What is needed
Nothing outside the range is wanted. Repeat exactly the lines below from the one with "(let \<phi> = (\<lambda>s." through the one with "distance, while convexity".

• • • • • • •

text \<open>Hessian of f at (Theta, v), taken on the space of (symmetric matrix, vector)
pairs with the Frobenius/Euclidean inner product, is >= kappa I: f is finite near
(Theta,v) along every symmetric direction (H,w), and the second derivative of
s |-> f(Theta + s H, v + s w) at 0 is at least kappa (||H||_F^2 + ||w||^2).\<close>
definition hess_ge :: "nat \<Rightarrow> real \<Rightarrow> ((nat \<Rightarrow> nat \<Rightarrow> real) \<Rightarrow> (nat \<Rightarrow> real) \<Rightarrow> ereal) \<Rightarrow>
    (nat \<Rightarrow> nat \<Rightarrow> real) \<Rightarrow> (nat \<Rightarrow> real) \<Rightarrow> bool" where
  "hess_ge d \<kappa> f \<Theta> v \<longleftrightarrow>
     (\<forall>H w. sym_mat d H \<longrightarrow>
        (let \<phi> = (\<lambda>s. f (\<lambda>a b. \<Theta> a b + s * H a b) (\<lambda>a. v a + s * w a)) in
         (\<forall>\<^sub>F s in nhds 0. \<bar>\<phi> s\<bar> \<noteq> \<infinity>) \<and>
         (\<exists>\<phi>1 \<phi>2. (\<forall>\<^sub>F s in nhds 0. ((\<lambda>t. real_of_ereal (\<phi> t)) has_real_derivative \<phi>1 s) (at s)) \<and>
                  (\<phi>1 has_real_derivative \<phi>2) (at 0) \<and>
                  \<phi>2 \<ge> \<kappa> * ((frob d H)\<^sup>2 + (norm2 d w)\<^sup>2))))"

definition nz :: "nat \<Rightarrow> (nat \<Rightarrow> nat \<Rightarrow> real) \<Rightarrow> nat" where
  "nz d A = card {(i,j). i < d \<and> j < d \<and> A i j \<noteq> 0}"

end

theory Submission
  imports Defs "Jordan_Normal_Form.Determinant"
begin

text \<open>Suppose a minimizer lies at distance more than epsilon from (Theta*, v*) and walk from
  (Theta*, v*) towards it, stopping at distance epsilon/2, inside the ball of strong convexity.
  Along this segment l_n grows at least by its initial slope plus kappa/2 times the squared
  distance, while convexity of l_n and of the penalty together with minimality bound the growth by
  the decrease of the penalty.  The initial slope is at least -||grad l_n(Theta*, v*)||_inf times
  the l1 length of the direction.  As lambda is at least twice that norm, the entries off the
  support of Theta* are paid for by the penalty; the support contains the diagonal (Theta* is
  positive definite), so by Cauchy-Schwarz what remains is at most
  3/2 lambda sqrt(nz(Theta*)) (||H||_F + ||w||_2), i.e. 3 lambda sqrt(nz(Theta*)) times the distance.
  Hence kappa epsilon/2 <= 6 lambda sqrt(nz(Theta*)), which fails for c = 1/24.\<close>

section \<open>Inverse of a positive definite matrix\<close>

lemma qf_eq_sum_row: "qf d A x = (\<Sum>i<d. x i * (\<Sum>j<d. A i j * x j))"
  unfolding qf_def by (simp add: sum_distrib_left mult.assoc)
(* Let $a,b\in(0,\infty)^d$, let $\varphi\in\mathcal{O}_a^b(\mathbb{C}^d)$, and let $$c = \left(2b_1,\dots,2b_d,\frac{2\pi^2}{a_1},\dots,\frac{2\pi^2}{a_d}\right)\in(0,\infty)^{2d}.$$ Then for every $f\in L^2(\mathbb{R}^d)$, the function $(x,\omega)\mapsto|V_\varphi f(x,\omega)|^2$ on $\mathbb{R}^{2d}$ extends to an entire function on $\mathbb{C}^{2d}$ belonging to $\mathcal{O}^c(\mathbb{C}^{2d})$.
   Context: For $a,b\in(0,\infty)^d$, $\mathcal{O}_a^b(\mathbb{C}^d)$ is the set of entire functions $F$ on $\mathbb{C}^d$ for which there is $C>0$ with $|F(x+iy)| \le C\prod_{j=1}^d e^{-a_j x_j^2}e^{b_j y_j^2}$ for all $x,y\in\mathbb{R}^d$; $\varphi$ is regarded as a window on $\mathbb{R}^d$ via restriction. For $c\in(0,\infty)^{n}$, $\mathcal{O}^c(\mathbb{C}^{n})$ is the set of entire functions $F$ on $\mathbb{C}^n$ with $|F(z)|\le C\prod_{j=1}^{n} e^{c_j|z_j|^2}$ for some $C>0$ and all $z\in\mathbb{C}^n$. The short-time Fourier transform is $V_g f(x,\omega) = \int_{\mathbb{R}^d} f(t)\overline{g(t-x)} e^{-2\pi i \omega\cdot t}\,dt$. *)

theory Defs
  imports "HOL-Analysis.Analysis"
begin

text \<open>Entire (holomorphic) functions on C^n, with C^n rendered as complex^'n:
  complex (Frechet) differentiable everywhere with a complex-linear derivative.\<close>
definition entire_vec :: "(complex ^ 'n \<Rightarrow> complex) \<Rightarrow> bool" where
  "entire_vec F \<longleftrightarrow>
     (\<forall>z. \<exists>L. (F has_derivative L) (at z) \<and>
              (\<forall>c v. L (\<chi> k. c * v $ k) = c * L v))"

definition cplx_pt :: "real ^ 'd \<Rightarrow> real ^ 'd \<Rightarrow> complex ^ 'd" where
  "cplx_pt x y = (\<chi> j. Complex (x $ j) (y $ j))"
lemma sum_Delta_coords_pairing:
  assumes A: "A \<subseteq> {1..n}" and psi: "\<psi> \<in> Hn G Cl n"
  defines "B \<equiv> {1..n} - A" and "N \<equiv> of_nat (card (carrier G)) :: complex"
  shows "(\<Sum>u\<in>PiE (nonlast A) (\<lambda>_. carrier G). \<Sum>v\<in>PiE (nonlast B) (\<lambda>_. carrier G).
      Delta_coords G \<iota> \<alpha> \<psi> n A u v * (\<Prod>b\<in>nonlast B. cnj (\<alpha> (v b))) * (\<Prod>a\<in>nonlast A. cnj (\<alpha> (u a))))
    = alpha_char G Cl \<alpha> n \<psi> * N ^ (n - 1) * N ^ (card (breaks A) + card (breaks B)) / N ^ card (cuts n A)"
proof -
  let ?PA = "PiE (nonlast A) (\<lambda>_. carrier G)"
  let ?PB = "PiE (nonlast B) (\<lambda>_. carrier G)"
  let ?W = "PiE {1..n-1} (\<lambda>_. carrier G)"
  let ?Q = "\<lambda>w. \<psi> (tuple_of G n w) * (\<Prod>j\<in>cuts n A. cnj (\<alpha> (w j)))"
  have fA: "finite A" and fB: "finite B"
    using finite_subset[OF A] by (auto simp: B_def)
  have pointwise: "?Q w * (\<Sum>u\<in>?PA. pairing_weight \<iota> \<alpha> A u w) * (\<Sum>v\<in>?PB. pairing_weight \<iota> \<alpha> B v w) =
      \<psi> (tuple_of G n w) * (\<Prod>j\<in>{1..n-1}. cnj (\<alpha> (w j))) * N ^ (card (breaks A) + card (breaks B))"
    if w: "w \<in> ?W" for w
  proof -
    have "glued A \<subseteq> {1..n-1}" "glued B \<subseteq> {1..n-1}"
      using glued_subset_interval A by (auto simp: B_def)
    then have "\<And>j. j \<in> glued A \<Longrightarrow> w j \<in> carrier G" "\<And>j. j \<in> glued B \<Longrightarrow> w j \<in> carrier G"
      using w by auto
    moreover have "(\<Prod>j\<in>{1..n-1}. cnj (\<alpha> (w j))) =
        (\<Prod>j\<in>glued A. cnj (\<alpha> (w j))) * (\<Prod>j\<in>glued B. cnj (\<alpha> (w j))) * (\<Prod>j\<in>cuts n A. cnj (\<alpha> (w j)))"
      unfolding interval_eq_glued_Un_cuts[OF A] B_def
      using fA glued_Int_glued_compl[of A n] glued_Un_glued_Int_cuts[of A n]
      by (simp add: prod.union_disjoint finite_glued cuts_def)
    ultimately show ?thesis
      by (simp add: sum_pairing_weight fA fB N_def power_add mult_ac)
  qed
  have "(\<Sum>u\<in>?PA. \<Sum>v\<in>?PB.
      Delta_coords G \<iota> \<alpha> \<psi> n A u v * (\<Prod>b\<in>nonlast B. cnj (\<alpha> (v b))) * (\<Prod>a\<in>nonlast A. cnj (\<alpha> (u a))))
    = (\<Sum>u\<in>?PA. \<Sum>v\<in>?PB. (\<Sum>w\<in>?W. pairing_weight \<iota> \<alpha> A u w * pairing_weight \<iota> \<alpha> B v w * ?Q w)
        / N ^ card (cuts n A))"
    unfolding B_def N_def Delta_coords_pairing ..
  also have "\<dots> = (\<Sum>w\<in>?W. ?Q w * (\<Sum>u\<in>?PA. pairing_weight \<iota> \<alpha> A u w) * (\<Sum>v\<in>?PB. pairing_weight \<iota> \<alpha> B v w))
        / N ^ card (cuts n A)"
    by (rule triple_sum_swap)
  also have "\<dots> = (\<Sum>w\<in>?W. \<psi> (tuple_of G n w) * (\<Prod>j\<in>{1..n-1}. cnj (\<alpha> (w j))))
        * N ^ (card (breaks A) + card (breaks B)) / N ^ card (cuts n A)"
    unfolding sum_distrib_right by (simp only: sum.cong[OF refl pointwise])
  also have "(\<Sum>w\<in>?W. \<psi> (tuple_of G n w) * (\<Prod>j\<in>{1..n-1}. cnj (\<alpha> (w j)))) =
      alpha_char G Cl \<alpha> n \<psi> * N ^ (n - 1)"
    using alpha_char_coords[OF psi] card_carrier_neq_0 by (simp add: N_def)
  finally show ?thesis .
qed

lemma alpha_char_Delta:
  assumes A: "A \<subseteq> {1..n}" and psi: "\<psi> \<in> Hn G Cl n"
  shows "alpha_char G Cl \<alpha> (card A) (\<lambda>x. alpha_char G Cl \<alpha> (n - card A) (\<lambda>y. Delta G \<iota> \<alpha> \<alpha> n A \<psi> x y))
    = alpha_char G Cl \<alpha> n \<psi>"
proof -
  define B where "B = {1..n} - A"
  define N where "N = (of_nat (card (carrier G)) :: complex)"
  have fA: "finite A" and fB: "finite B"
    using finite_subset[OF A] by (auto simp: B_def)
  have exponents: "card (cuts n A) + (card B - 1) + (card A - 1) = (n - 1) + (card (breaks A) + card (breaks B))"
    using card_interval_split[OF A] card_nonlast_split[OF fA] card_nonlast_split[OF fB]
    by (simp add: B_def)
  have "alpha_char G Cl \<alpha> (card A) (\<lambda>x. alpha_char G Cl \<alpha> (n - card A) (\<lambda>y. Delta G \<iota> \<alpha> \<alpha> n A \<psi> x y)) =
      alpha_char G Cl \<alpha> n \<psi> * N ^ (n - 1) * N ^ (card (breaks A) + card (breaks B)) / N ^ card (cuts n A)
        / (N ^ (card B - 1) * N ^ (card A - 1))"
    using iterated_alpha_char_Delta[OF fin partition iota A psi] sum_Delta_coords_pairing[OF A psi]
    by (simp add: B_def N_def)
  also have "\<dots> = alpha_char G Cl \<alpha> n \<psi> * N ^ ((n - 1) + (card (breaks A) + card (breaks B)))
      / N ^ (card (cuts n A) + (card B - 1) + (card A - 1))"
    by (simp add: power_add mult.assoc)
  also have "\<dots> = alpha_char G Cl \<alpha> n \<psi>"
    using card_carrier_neq_0 by (simp only: exponents) (simp add: N_def)
  finally show ?thesis .
qed

lemma conv_scaled_alpha_char:
  assumes "\<psi> \<in> Hn G Cl n"
  shows "conv G \<iota> \<alpha> \<alpha> (\<lambda>k f. a k * alpha_char G Cl \<alpha> k f) (\<lambda>k f. b k * alpha_char G Cl \<alpha> k f) n \<psi> =
    (\<Sum>A\<in>Pow {1..n}. a (card A) * b (n - card A)) * alpha_char G Cl \<alpha> n \<psi>"
  unfolding conv_def sum_distrib_right
  by (intro sum.cong refl)
    (simp add: alpha_char_scale alpha_char_Delta[OF _ assms])

lemma counit_eq_alpha_char:
  "\<psi> \<in> Hn G Cl n \<Longrightarrow> counit G n \<psi> = (if n = 0 then 1 else 0) * alpha_char G Cl \<alpha> n \<psi>"
  by (cases "n = 0") (simp_all add: counit_def alpha_char_degree_0)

• • • • • • •

Output
        (let \<phi> = (\<lambda>s. f (\<lambda>a b. \<Theta> a b + s * H a b) (\<lambda>a. v a + s * w a)) in
         (\<forall>\<^sub>F s in nhds 0. \<bar>\<phi> s\<bar> \<noteq> \<infinity>) \<and>
         (\<exists>\<phi>1 \<phi>2. (\<forall>\<^sub>F s in nhds 0. ((\<lambda>t. real_of_ereal (\<phi> t)) has_real_derivative \<phi>1 s) (at s)) \<and>
                  (\<phi>1 has_real_derivative \<phi>2) (at 0) \<and>
                  \<phi>2 \<ge> \<kappa> * ((frob d H)\<^sup>2 + (norm2 d w)\<^sup>2))))"

definition nz :: "nat \<Rightarrow> (nat \<Rightarrow> nat \<Rightarrow> real) \<Rightarrow> nat" where
  "nz d A = card {(i,j). i < d \<and> j < d \<and> A i j \<noteq> 0}"

end

theory Submission
  imports Defs "Jordan_Normal_Form.Determinant"
begin

text \<open>Suppose a minimizer lies at distance more than epsilon from (Theta*, v*) and walk from
  (Theta*, v*) towards it, stopping at distance epsilon/2, inside the ball of strong convexity.
  Along this segment l_n grows at least by its initial slope plus kappa/2 times the squared
  distance, while convexity of l_n and of the penalty together with minimality bound the growth by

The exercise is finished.